Under the Hood

Structuring a Documentary Archive with AI

This documentary project, The Human Foundation, is drawn from an archive of thousands of photographs taken in Doha, Qatar, between 2012 and 2015. While the photographs, historical context, and original observations belong entirely to the photographer, an AI assistant (Perplexity) was utilized in 2026 to help articulate, edit, and sequence these memories into a cohesive journalistic photo essay.

Initially, the AI was used to generate detailed, standalone descriptions for over 30 candidate photographs. However, as the descriptions accumulated, it became clear that a rigid editorial methodology was required to transform a raw archive into a flowing narrative. This page documents that process.

1. Arriving at the Three-Chapter Structure

As the initial batch of photos was processed, it became evident that the images naturally fell into three distinct geographic and thematic categories, representing the full lifecycle of the migrant experience in Doha. This realization led to a "three-act structure":

Chapter I: The Shadow of West Bay focused on the active physical labor, the massive scale of the megaprojects, and the rigid, color-coded hierarchies of the construction sites.
Chapter II: The Erasure of Msheireb shifted the lens to the hidden living conditions, documenting the severe housing decay, displacement, and the encroachment of luxury development on the slums.
Chapter III: The Respite of Al Ghanim concluded the narrative by exploring the workers' sole day of rest, focusing on their reclaimed identity, community building, and micro-economies.

2. The "Macro / Micro" Captioning Methodology

During the initial drafting phase, a significant problem emerged: repetition.

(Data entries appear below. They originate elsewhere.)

(* Every Young subgroup $\mathrm{Sym}(\lambda)\leq\mathrm{Sym}(n)$, with its natural action on $\{1,\dots,n\}$, has the EKR property.
   Context: For a partition $\lambda=[\lambda_1,\dots,\lambda_k]$ of $n$, let $\Omega_i=\{\lambda_1+\cdots+\lambda_{i-1}+1,\dots,\lambda_1+\cdots+\lambda_i\}$; the Young subgroup $\mathrm{Sym}(\lambda)$ is the subgroup $\mathrm{Sym}(\Omega_1)\cdots\mathrm{Sym}(\Omega_k)$ of permutations preserving each $\Omega_i$. Two permutations $\pi,\tau$ intersect if $\pi\tau^{-1}$ has a fixed point; a subset is intersecting if every pair intersects; a group has the EKR property if every intersecting subset has size at most the size of the largest point-stabilizer. *)

theory Defs
  imports "HOL-Combinatorics.Permutations"
begin

definition is_partition :: "nat list \<Rightarrow> nat \<Rightarrow> bool" where
  "is_partition lam n \<longleftrightarrow> sorted_wrt (\<ge>) lam \<and> (\<forall>x\<in>set lam. 0 < x) \<and> sum_list lam = n"

text \<open>The i-th block (0-indexed), corresponding to \<Omega>_{i+1} in the paper.\<close>
definition young_block :: "nat list \<Rightarrow> nat \<Rightarrow> nat set" where
  "young_block lam i = {sum_list (take i lam) + 1 .. sum_list (take (Suc i) lam)}"

definition young_subgroup :: "nat list \<Rightarrow> (nat \<Rightarrow> nat) set" where
  "young_subgroup lam = {p. p permutes {1..sum_list lam} \<and>
      (\<forall>i < length lam. p ` young_block lam i = young_block lam i)}"

definition perms_intersect :: "'a set \<Rightarrow> ('a \<Rightarrow> 'a) \<Rightarrow> ('a \<Rightarrow> 'a) \<Rightarrow> bool" where
  "perms_intersect \<Omega> p q \<longleftrightarrow> (\<exists>x\<in>\<Omega>. (p \<circ> inv q) x = x)"

definition intersecting_set :: "'a set \<Rightarrow> ('a \<Rightarrow> 'a) set \<Rightarrow> ('a \<Rightarrow> 'a) set \<Rightarrow> bool" where
  "intersecting_set \<Omega> G S \<longleftrightarrow> S \<subseteq> G \<and> (\<forall>p\<in>S. \<forall>q\<in>S. perms_intersect \<Omega> p q)"

definition point_stabilizer :: "('a \<Rightarrow> 'a) set \<Rightarrow> 'a \<Rightarrow> ('a \<Rightarrow> 'a) set" where
  "point_stabilizer G x = {g \<in> G. g x = x}"

definition has_EKR :: "'a set \<Rightarrow> ('a \<Rightarrow> 'a) set \<Rightarrow> bool" where
  "has_EKR \<Omega> G \<longleftrightarrow> (\<forall>S. intersecting_set \<Omega> G S \<longrightarrow>
       card S \<le> Max ((\<lambda>x. card (point_stabilizer G x)) ` \<Omega>))"
definition Mnorm :: "ennreal \<Rightarrow> (real^'n::finite \<Rightarrow> real^'n) \<Rightarrow> ((real^'n \<Rightarrow> complex) \<Rightarrow> complex) \<Rightarrow> ereal" where
  "Mnorm p \<A> u = Lp_norm p (mag_stft \<A> u)"

definition Mspace :: "ennreal \<Rightarrow> (real^'n::finite \<Rightarrow> real^'n) \<Rightarrow> ((real^'n \<Rightarrow> complex) \<Rightarrow> complex) set" where
  "Mspace p \<A> =
     (if p = \<infinity> then
        {u. tempered u \<and> mag_stft \<A> u \<in> borel_measurable lborel \<and> Mnorm p \<A> u < \<infinity> \<and>
            (\<exists>f. (\<forall>n. f n \<in> Schwartz) \<and>
                 ((\<lambda>n. Mnorm p \<A> (\<lambda>\<phi>. u \<phi> - emb (f n) \<phi>)) \<longlongrightarrow> 0) sequentially)}
      else {u. tempered u \<and> mag_stft \<A> u \<in> borel_measurable lborel \<and> Mnorm p \<A> u < \<infinity>})"

end

theory Submission
  imports Defs
begin

text \<open>The isometry is the gauge transformation \<open>u \<mapsto> e^(-iv) u\<close>, acting on distributions by
  \<open>(e^(-iv) u)(\<phi>) = u(e^(-iv) \<phi>)\<close>. Integrating \<open>\<nabla>v\<close> along the segment from \<open>x\<close> to \<open>y\<close> gives
  \<open>\<phi>^A'(y,x) = \<phi>^A(y,x) + v(y) - v(x)\<close>, so the \<open>A'\<close>-window at \<open>(x,\<xi>)\<close> is \<open>e^(iv(x)) e^(-iv)\<close> times
  the \<open>A\<close>-window. Hence \<open>T^A' u\<close> and \<open>T^A (e^(-iv) u)\<close> differ by the unimodular factor
  \<open>e^(iv(x))\<close> and have the same \<open>L^p\<close> norm. Because \<open>v\<close> is in \<open>C^\<infinity>_pol\<close>, all derivatives of
  \<open>e^(\<plusminus>iv)\<close> grow at most polynomially, so multiplication by \<open>e^(\<plusminus>iv)\<close> is continuous on the
  Schwartz space; it therefore preserves tempered distributions and, for \<open>p = \<infinity>\<close>, Schwartz
  approximability, and multiplication by \<open>e^(iv)\<close> is its inverse.\<close>

section \<open>Calculus of partial derivatives\<close>

lemma diffs_Nil [simp]: "diffs [] f = f"
  by (simp add: diffs_def)
(* Let $X$ be a convex metric space over a Boolean ring $B$, $0\in X$, and suppose every element of $X$ is a convex combination of elements of $\{0,x_{1},\dots,x_{n}\}\subseteq X$, where $\{x_{1},\dots,x_{s}\}$ ($s\le n$) is an orthogonal set. Then there exist $a_{s+1},\dots,a_{n}\in B$ such that $\{x_{1},\dots,x_{s},a_{s+1}x_{s+1},\dots,a_{n}x_{n}\}\setminus\{0\}$ is a referential of $(X,0)$. In particular, every orthogonal subset of a pointed CFG-space $(X,0)$ can be extended to a referential of $(X,0)$.
   Context: $B$ is a Boolean ring ($a\vee b=a+b+ab$, $a\le b\iff ab=a$, $\bar a=1+a$; $a_1\oplus\cdots\oplus a_n$ denotes a sum of pairwise disjoint elements). A Boolean metric space over $B$: set $X$ with $d:X\times X\to B$, $d(x,y)=0\iff x=y$, symmetric, $d(x,z)\le d(x,y)\vee d(y,z)$. For $y_1,\dots,y_m\in X$, $b_i\in B$ with $b_1\oplus\cdots\oplus b_m=1$, $y$ is a convex combination of the $y_i$ with coefficients $b_i$ if $b_id(y,y_i)=0$ for all $i$; $X$ is convex if all such combinations exist; a CFG-space is a convex space all of whose elements are convex combinations of elements of some fixed finite subset. In $(X,0)$: $|x|=d(0,x)$; for $a\in B$, $ax$ denotes the convex combination of $x,0$ with coefficients $a,\bar a$. $x\perp y$ iff $d(x,y)=|x|\vee|y|$; a finite $R\subseteq X$ is orthogonal if $0\notin R$ and distinct elements are orthogonal; a referential of $(X,0)$ is an orthogonal $R$ such that every element of $X$ is a convex combination of elements of $R\cup\{0\}$. *)

theory Defs
  imports Main
begin

definition boolean_ring :: "'b::comm_ring_1 itself \<Rightarrow> bool" where
  "boolean_ring _ \<longleftrightarrow> (\<forall>a::'b. a * a = a)"

definition bjoin :: "'b::comm_ring_1 \<Rightarrow> 'b \<Rightarrow> 'b" where
  "bjoin a b = a + b + a * b"

definition ble :: "'b::comm_ring_1 \<Rightarrow> 'b \<Rightarrow> bool" where
  "ble a b \<longleftrightarrow> a * b = a"

definition bmetric :: "'x set \<Rightarrow> ('x \<Rightarrow> 'x \<Rightarrow> 'b::comm_ring_1) \<Rightarrow> bool" where
  "bmetric X d \<longleftrightarrow>
     (\<forall>x\<in>X. \<forall>y\<in>X. d x y = 0 \<longleftrightarrow> x = y) \<and>
     (\<forall>x\<in>X. \<forall>y\<in>X. d x y = d y x) \<and>
     (\<forall>x\<in>X. \<forall>y\<in>X. \<forall>z\<in>X. ble (d x z) (bjoin (d x y) (d y z)))"

definition partition_unity :: "nat \<Rightarrow> (nat \<Rightarrow> 'b::comm_ring_1) \<Rightarrow> bool" where
  "partition_unity m b \<longleftrightarrow>
     (\<forall>i<m. \<forall>j<m. i \<noteq> j \<longrightarrow> b i * b j = 0) \<and> (\<Sum>i<m. b i) = 1"

definition is_cc :: "('x \<Rightarrow> 'x \<Rightarrow> 'b::comm_ring_1) \<Rightarrow> 'x \<Rightarrow> nat \<Rightarrow> (nat \<Rightarrow> 'x) \<Rightarrow> (nat \<Rightarrow> 'b) \<Rightarrow> bool" where
  "is_cc d y m ys b \<longleftrightarrow> partition_unity m b \<and> (\<forall>i<m. b i * d y (ys i) = 0)"

definition bconvex :: "'x set \<Rightarrow> ('x \<Rightarrow> 'x \<Rightarrow> 'b::comm_ring_1) \<Rightarrow> bool" where
  "bconvex X d \<longleftrightarrow>
     (\<forall>m ys b. (\<forall>i<m. ys i \<in> X) \<and> partition_unity m b \<longrightarrow> (\<exists>y\<in>X. is_cc d y m ys b))"

definition cc_of :: "('x \<Rightarrow> 'x \<Rightarrow> 'b::comm_ring_1) \<Rightarrow> 'x set \<Rightarrow> 'x \<Rightarrow> bool" where
  "cc_of d S y \<longleftrightarrow> (\<exists>m ys b. (\<forall>i<m. ys i \<in> S) \<and> is_cc d y m ys b)"

definition cfg_space :: "'x set \<Rightarrow> ('x \<Rightarrow> 'x \<Rightarrow> 'b::comm_ring_1) \<Rightarrow> bool" where
  "cfg_space X d \<longleftrightarrow> bconvex X d \<and>
     (\<exists>F. finite F \<and> F \<subseteq> X \<and> (\<forall>y\<in>X. cc_of d F y))"
(* Let $H(\mathbb{Z})=\langle a,b \mid [a,b]\text{ is central}\rangle$ be the integer Heisenberg group with generating set $S=\{a,b,a^{-1},b^{-1}\}$, and let $B_n$ be the ball of radius $n$ about $e$ in the word metric. There exists $\epsilon>0$ such that for all sufficiently large $n$, $$\epsilon<\frac{\#\{g\in B_n\smallsetminus\{e\}:\kappa(g)=0\}}{\#B_n}<1-\epsilon,$$ and the same two-sided bound holds with the condition $\kappa(g)=0$ replaced by $\kappa(g)>0$, and also with it replaced by $\kappa(g)<0$.
   Context: For a group $G$ with finite generating set $S$ ($S=S^{-1}$, $e\notin S$), $|x|$ denotes the word length of $x\in G$ with respect to $S$, and $B_n=\{g:|g|\le n\}$. For $g\in G$ define $\mathrm{Av}(g)=\frac{1}{|S|}\sum_{a\in S}|a^{-1}ga|$, and for $g\neq e$ define the curvature $\kappa(g)=\frac{|g|-\mathrm{Av}(g)}{|g|}$. *)

theory Defs
  imports Complex_Main
begin

text \<open>Integer Heisenberg group, realised as upper unitriangular integer 3x3 matrices
  [[1,x,z],[0,1,y],[0,0,1]] encoded as triples (x,y,z).  This is the standard model of
  the presentation a,b with [a,b] central, via a = (1,0,0), b = (0,1,0).\<close>

type_synonym heis = "int \<times> int \<times> int"

definition hmul :: "heis \<Rightarrow> heis \<Rightarrow> heis" where
  "hmul g h = (case g of (x, y, z) \<Rightarrow> case h of (x', y', z') \<Rightarrow>
      (x + x', y + y', z + z' + x * y'))"

definition hone :: heis where "hone = (0, 0, 0)"

definition hinv :: "heis \<Rightarrow> heis" where
  "hinv g = (case g of (x, y, z) \<Rightarrow> (- x, - y, x * y - z))"

definition ha :: heis where "ha = (1, 0, 0)"
definition hb :: heis where "hb = (0, 1, 0)"

definition hS :: "heis set" where
  "hS = {ha, hb, hinv ha, hinv hb}"

definition word_eval :: "heis list \<Rightarrow> heis" where
  "word_eval w = foldr hmul w hone"

definition wlen :: "heis \<Rightarrow> nat" where
  "wlen g = (LEAST n. \<exists>w. set w \<subseteq> hS \<and> length w = n \<and> word_eval w = g)"

definition ball :: "nat \<Rightarrow> heis set" where
  "ball n = {g. wlen g \<le> n}"

definition Av :: "heis \<Rightarrow> real" where
  "Av g = (\<Sum>s\<in>hS. real (wlen (hmul (hinv s) (hmul g s)))) / real (card hS)"

definition kappa :: "heis \<Rightarrow> real" where
  "kappa g = (real (wlen g) - Av g) / real (wlen g)"

end

theory Submission
  imports Defs
begin

text \<open>If \<open>0 \<le> x, y\<close>, \<open>2 max x y \<le> s\<close> and \<open>z\<close> lies in the band \<open>(s - 1)\<^sup>2 < 4 z \<le> s\<^sup>2\<close>, then the
  word length of \<open>(x, y, z)\<close> is exactly \<open>2 s - x - y\<close>. The upper bound comes from an explicit word
  sweeping a rectangle; the lower bound from parity and the isoperimetric inequality
  \<open>16 z \<le> (|w| + x + y)\<^sup>2\<close>, which holds because \<open>z\<close> is the signed area swept by the path of \<open>w\<close>.
  Conjugating by a generator moves \<open>z\<close> by \<open>\<plusminus>x\<close> or \<open>\<plusminus>y\<close>, so the curvature is read off from the bands
  of the four neighbours: near the bottom of band \<open>s\<close> two of them drop to band \<open>s - 1\<close> (\<open>\<kappa> > 0\<close>),
  near the top two rise to band \<open>s + 1\<close> (\<open>\<kappa> < 0\<close>), in the middle none leaves it (\<open>\<kappa> = 0\<close>).
  Each of these three choices yields at least \<open>t\<^sup>4\<close> elements of \<open>B\<^sub>n\<close> for \<open>t \<approx> n/22\<close>, while
  \<open>#B\<^sub>n = O(n\<^sup>4)\<close>, and the three classes are pairwise disjoint.\<close>

lemma hmul_simp [simp]: "hmul (x, y, z) (x', y', z') = (x + x', y + y', z + z' + x * y')"
  by (simp add: hmul_def)

lemma hmul_assoc: "hmul (hmul g h) k = hmul g (hmul h k)"
  by (cases g; cases h; cases k) (simp add: algebra_simps)

lemma hmul_hone_left [simp]: "hmul hone g = g"
  by (cases g) (simp add: hone_def)

lemma hS_eq: "hS = {(1, 0, 0), (0, 1, 0), (-1, 0, 0), (0, -1, 0)}"
  by (simp add: hS_def ha_def hb_def hinv_def)

lemma hS_cases:
  assumes "s \<in> hS"
  obtains (horizontal) e where "s = (e, 0, 0)" "e \<in> {-1, 1}"
    | (vertical) e where "s = (0, e, 0)" "e \<in> {-1, 1}"
  using assms unfolding hS_eq by force

lemma word_eval_Nil [simp]: "word_eval [] = hone"
  by (simp add: word_eval_def)

lemma word_eval_Cons [simp]: "word_eval (s # w) = hmul s (word_eval w)"
  by (simp add: word_eval_def)

lemma word_eval_append: "word_eval (u @ v) = hmul (word_eval u) (word_eval v)"
  by (induction u) (simp_all add: hmul_assoc)

lemma word_eval_replicate_horizontal: "word_eval (replicate k (e, 0, 0)) = (int k * e, 0, 0)"
  by (induction k) (simp_all add: hone_def algebra_simps)

lemma word_eval_replicate_vertical: "word_eval (replicate k (0, e, 0)) = (0, int k * e, 0)"
  by (induction k) (simp_all add: hone_def algebra_simps)

lemma word_eval_replicate_commutator:
  "word_eval (concat (replicate k [(e, 0, 0), (0, f, 0), (- e, 0, 0), (0, - f, 0)])) = (0, 0, int k * e * f)"
  by (induction k) (simp_all add: hone_def word_eval_append algebra_simps)

lemma exists_word: "\<exists>w. set w \<subseteq> hS \<and> word_eval w = g"
proof -
  obtain x y z where g: "g = (x, y, z)"
    by (cases g)
  define c where "c = z - x * y"
  define w :: "heis list" where "w = replicate (nat \<bar>x\<bar>) (sgn x, 0, 0) @ replicate (nat \<bar>y\<bar>) (0, sgn y, 0)
    @ concat (replicate (nat \<bar>c\<bar>) [(1, 0, 0), (0, sgn c, 0), (-1, 0, 0), (0, - sgn c, 0)])"
  have "word_eval w = g"
    by (simp add: w_def g c_def word_eval_append word_eval_replicate_horizontal
        word_eval_replicate_vertical word_eval_replicate_commutator abs_mult_sgn)
  moreover have "set w \<subseteq> hS"
    by (auto simp: w_def hS_eq sgn_if)
  ultimately show ?thesis
    by blast
qed

lemma wlen_shortest_word: "\<exists>w. set w \<subseteq> hS \<and> word_eval w = g \<and> length w = wlen g"
proof -
  have "\<exists>w. set w \<subseteq> hS \<and> length w = wlen g \<and> word_eval w = g"
    unfolding wlen_def by (rule LeastI_ex) (use exists_word in blast)
  then show ?thesis
    by blast
qed

lemma wlen_le_length: "set w \<subseteq> hS \<Longrightarrow> wlen (word_eval w) \<le> length w"
  unfolding wlen_def by (rule Least_le) blast

definition word_x :: "heis list \<Rightarrow> int" where "word_x w = fst (word_eval w)"
definition word_y :: "heis list \<Rightarrow> int" where "word_y w = fst (snd (word_eval w))"
definition word_z :: "heis list \<Rightarrow> int" where "word_z w = snd (snd (word_eval w))"

lemma word_eval_coords: "word_eval w = (word_x w, word_y w, word_z w)"
  by (simp add: word_x_def word_y_def word_z_def)

lemma word_coords_Nil [simp]: "word_x [] = 0" "word_y [] = 0" "word_z [] = 0"
  by (simp_all add: word_x_def word_y_def word_z_def hone_def)

lemma word_coords_Cons [simp]:
  "word_x ((dx, dy, 0) # w) = dx + word_x w"
  "word_y ((dx, dy, 0) # w) = dy + word_y w"
  "word_z ((dx, dy, 0) # w) = word_z w + dx * word_y w"
  by (cases "word_eval w"; simp add: word_x_def word_y_def word_z_def)+

definition hcount :: "heis list \<Rightarrow> nat" where "hcount w = length (filter (\<lambda>s. fst s \<noteq> 0) w)"
definition vcount :: "heis list \<Rightarrow> nat" where "vcount w = length (filter (\<lambda>s. fst s = 0) w)"

lemma hcount_add_vcount: "hcount w + vcount w = length w"
  using sum_length_filter_compl[of "\<lambda>s. fst s \<noteq> 0" w] by (simp add: hcount_def vcount_def)

lemma word_xy_bound: "set w \<subseteq> hS \<Longrightarrow> \<bar>word_x w\<bar> + \<bar>word_y w\<bar> \<le> int (length w)"
  by (induction w) (auto elim!: hS_cases)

Because each photo description was written to stand alone, the AI repeatedly included the same historical background (e.g., explaining the kafala system, the 10-hour shifts, or the fact that Friday was the only day of rest) in almost every caption.

To solve this, we implemented a "Macro / Micro" structural approach for each chapter:

The "Macro" Context (Chapter Introductions): All the recurring historical, political, and sociological background was extracted from the individual photo descriptions and synthesized into a single, punchy introductory paragraph at the start of each chapter. This explained the phenomenon once so it did not have to be repeated.
The "Micro" Details (Streamlined Captions): Freed from the burden of explaining the overarching history, the individual photo captions were aggressively streamlined. Each photo was assigned a distinct Title and a specific Focus (e.g., "The digital lifeline" or "The vertical dichotomy of power"). The resulting captions focused purely on the unique visual evidence present in the frame—such as the color of a hard hat, a specific gesture, or the layout of an improvised flea market.

3. The Filtering and Curation Process

The most difficult phase of the project was editing down a large volume of high-quality photos. The photographer provided 34 fully described candidate photos. To prevent viewer fatigue and narrative repetition, the total was strictly capped at 22 photos.

To aid in the selection process, the photographer introduced an internal "Impact Rating" system (scaled 1 to 10) for each photo. The AI then grouped the photos by their "Focus" and selected the highest-rated image from each group, rejecting the rest. Here is how the final selection was made:

Chapter I: West Bay (12 candidates → 9 selected, 3 rejected)

We rejected three photos (1337-01, 1539-02, and 1540-04). Photo 1337-01 was discarded because it was a slightly less impactful, zoomed-in version of a highly-rated shot (1337-02) showing workers resting against a reflective glass facade. Photos 1539-02 and 1540-04 were discarded because they were visual duplicates of the 17:00 exit bottleneck; keeping them would have stalled the pacing of the chapter's conclusion.

Chapter II: Msheireb (7 candidates → 4 selected, 3 rejected)

We rejected three photos (1325-03, 1328-19, and 1383-08). All three of these images featured close-ups of crumbling walls covered in handwritten signs, flyers, or eviction notices. While historically interesting, they were visually redundant when placed next to each other. We retained the four most visually distinct images: a wide architectural juxtaposition, a ruined interior, a humanizing detail (the "QATAR ♥ I" door), and a portrait of displaced workers.

Chapter III: Al Ghanim (15 candidates → 9 selected, 6 rejected)

This chapter required the heaviest editing. We rejected six photos (1016-22, 1016-23, 1039-16, 1219-21, 1039-12, and 1039-07). Many of these were wide-angle shots of the massive crowds on the grass. We eliminated the lower-rated wide shots to avoid repeating the exact same visual information. Notably, photo 1039-12 (despite a high rating of 8) was discarded because it was virtually the exact same scene as the ultimate establishing shot (1039-14), just at a slightly different focal length. By clearing out the duplicates, we made room for highly specific micro-narratives, such as the improvised flea market and men sharing a mobile phone screen.